En febrero de 1980, el arzobispo católico de El Salvador, Oscar Romero, envió una carta personal al presidente Carter, pidiéndole que suspendiera la ayuda militar a El Salvador. Poco antes, la Guardia Nacional y la Policía Nacional habían abierto fuego contra una multitud de manifestantes frente a la Catedral Metropolitana y habían matado a veinticuatro personas.Si, Pero: Pero la administración Carter continuó con la ayuda. Al mes siguiente, el arzobispo Romero fue asesinado.
Cada vez había más pruebas de que el asesinato había sido ordenado por Roberto D’Aubuisson, un líder de la derecha.Si, Pero: Pero D’Aubuisson contaba con la protección de Nicolás Carranza, viceministro de Defensa, que en ese momento recibía 90.000 dólares anuales de la CIA. Y Elliot Abrams, irónicamente subsecretario de Estado para los Derechos Humanos, declaró que D’Aubuisson “no estaba involucrado en el asesinato”.
Cuando Reagan llegó a la presidencia, la ayuda militar al gobierno de El Salvador aumentó considerablemente. De 1946 a 1979, la ayuda militar total a El Salvador fue de 16,7 millones de dólares.Entre las Líneas En el primer año de mandato de Reagan, la cifra se elevó a 82 millones de dólares.
El Congreso se sintió lo suficientemente avergonzado por las matanzas en El Salvador como para exigir que, antes de conceder más ayuda, el Presidente debía certificar que se estaban produciendo avances en materia de derechos humanos. Reagan no se lo tomó en serio. El 28 de enero de 1982, se informó de una masacre gubernamental (o, en ocasiones, de la Administración Pública, si tiene competencia) de campesinos en varios pueblos. Al día siguiente, Reagan certificó que el gobierno salvadoreño estaba haciendo progresos en materia de derechos humanos. Tres días después de la certificación, los soldados irrumpieron en las casas de los pobres de San Salvador, sacaron a veinte personas y las mataron.

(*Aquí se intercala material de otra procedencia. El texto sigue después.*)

definition strongly_inadmissible :: "mono \<Rightarrow> bool" where
  "strongly_inadmissible x \<longleftrightarrow> x \<in> mons \<and>
     (\<exists>Y. finite Y \<and> Y \<subseteq> mons \<and> (\<forall>y\<in>Y. omega_eq y x \<and> mono_less y x) \<and>
        (\<exists>h m p. h \<in> Aplus_hit (smax x) \<and> finite m \<and> m \<subseteq> Pminus_mons x \<and>
               finite p \<and> p \<subseteq> Pspike_mons (deg x) \<and>
               insert x Y = padd (padd h m) p))"

end

theory Submission
  imports Defs
begin

text \<open>For each listed monomial x an explicit sum h of squares Sq^1(x^m) and Sq^2(x^m) lies
  in A(s-1)^+ P_5 and contains x, and every other monomial of h either has smaller weight
  (so lies in P_5^-(omega(x))), or has the same weight and a smaller exponent vector, or, in
  part (ii), lies in P_(5,21), i.e. is below the minimal spike x_1^15 x_2^3 x_3^3. Cartan's
  formula and the two orders involve only finitely many exponents and weights, so all of this
  is decided by evaluating finitely many sums.\<close>

section \<open>Evaluating Steenrod squares on monomials\<close>

fun compositions :: "nat \<Rightarrow> nat \<Rightarrow> nat list list" where
  "compositions 0 k = (if k = 0 then [[]] else [])"
| "compositions (Suc n) k = concat (map (\<lambda>i. map (Cons i) (compositions n (k - i))) [0..<Suc k])"

lemma set_compositions: "set (compositions n k) = {d. length d = n \<and> sum_list d = k}"
proof (induction n arbitrary: k)
  case 0
  then show ?case by auto
next
  case (Suc n)
  show ?case
  proof (intro set_eqI iffI)
    fix d assume "d \<in> set (compositions (Suc n) k)"
    then show "d \<in> {d. length d = Suc n \<and> sum_list d = k}" using Suc by auto
  next
    fix d assume "d \<in> {d. length d = Suc n \<and> sum_list d = k}"
    then obtain i d' where "d = i # d'" "length d' = n" "i + sum_list d' = k"
      by (cases d) auto
    then show "d \<in> set (compositions (Suc n) k)" using Suc by force
  qed
qed
lemma degree_pX_mult_power:
  fixes q :: "'a::idom poly"
  assumes "q \<noteq> 0"
  shows "degree ([:0, 1:] * q ^ m) = m * degree q + 1"
  using assms by (simp add: degree_mult_eq degree_power_eq)

lemma degree_orbit_num:
  fixes p q :: "'a::idom poly"
  assumes "d \<ge> 2" "q \<noteq> 0"
  shows "degree (orbit_num d p q (Suc k)) = d ^ k * orbit_degree d p q"
proof (induction k)
  case 0
  have "d * degree p \<noteq> d * degree q + 1"
  proof
    assume "d * degree p = d * degree q + 1"
    then have "d dvd 1" by (metis dvd_add_right_iff dvd_triv_left)
    then show False using assms(1) by simp
  qed
  moreover have "degree (p ^ d) = d * degree p \<or> (p = 0 \<and> degree p = 0)"
    by (cases "p = 0") (simp_all add: degree_power_eq)
  ultimately show ?case
    using degree_pX_mult_power[OF assms(2), of d] assms(1)
    by (auto simp: orbit_degree_def degree_add_eq_left degree_add_eq_right max_def zero_power)
next
  case (Suc k)
  define E where "E = orbit_degree d p q"
  have "d ^ Suc k * (d * degree q + 1) \<le> d ^ Suc k * E"
    unfolding E_def orbit_degree_def by (intro mult_le_mono2) simp
  moreover have "d ^ Suc k \<ge> 2"
    using assms(1) by (rule two_le_power_Suc)
  then have "d ^ Suc (Suc k) * degree q + 1 < d ^ Suc k * (d * degree q + 1)"
    by (simp only: power_Suc[of d "Suc k"] algebra_simps)
  ultimately have "d ^ Suc (Suc k) * degree q + 1 < d ^ Suc k * E"
    by linarith
  moreover have "orbit_num d p q (Suc k) \<noteq> 0"
    using Suc assms(1) by (intro notI) (simp add: E_def orbit_degree_def)
  then have "degree (orbit_num d p q (Suc k) ^ d) = d ^ Suc k * E"
    using Suc by (simp add: degree_power_eq E_def)
  ultimately show ?case
    using degree_pX_mult_power[OF assms(2), of "d ^ Suc (Suc k)"]
    unfolding orbit_num.simps(2)[of d p q "Suc k"]
    by (simp add: degree_add_eq_left E_def del: orbit_num.simps power_Suc)
qed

Cuando, a finales de 1983, el Congreso aprobó una ley para continuar con el requisito de la certificación, Reagan la vetó.
La prensa americana fue especialmente tímida y servil durante los años de Reagan, como documenta Mark Hertsgaard en su libro On Bended Knee. Cuando el periodista Raymond Bonner continuó informando sobre las atrocidades en El Salvador, y sobre el papel de Estados Unidos, el New York Times le apartó de su tarea. Ya en 1981 Bonner había informado sobre la masacre de cientos de civiles en la ciudad de El Mozote, a manos de un batallón de soldados entrenados por Estados Unidos. La administración Reagan se burló del informe, pero en 1992, un equipo de antropólogos forenses comenzó a desenterrar esqueletos del lugar de la masacre, la mayoría de ellos niños; al año siguiente, una comisión de la ONU confirmó la historia de la masacre de El Mozote.[1]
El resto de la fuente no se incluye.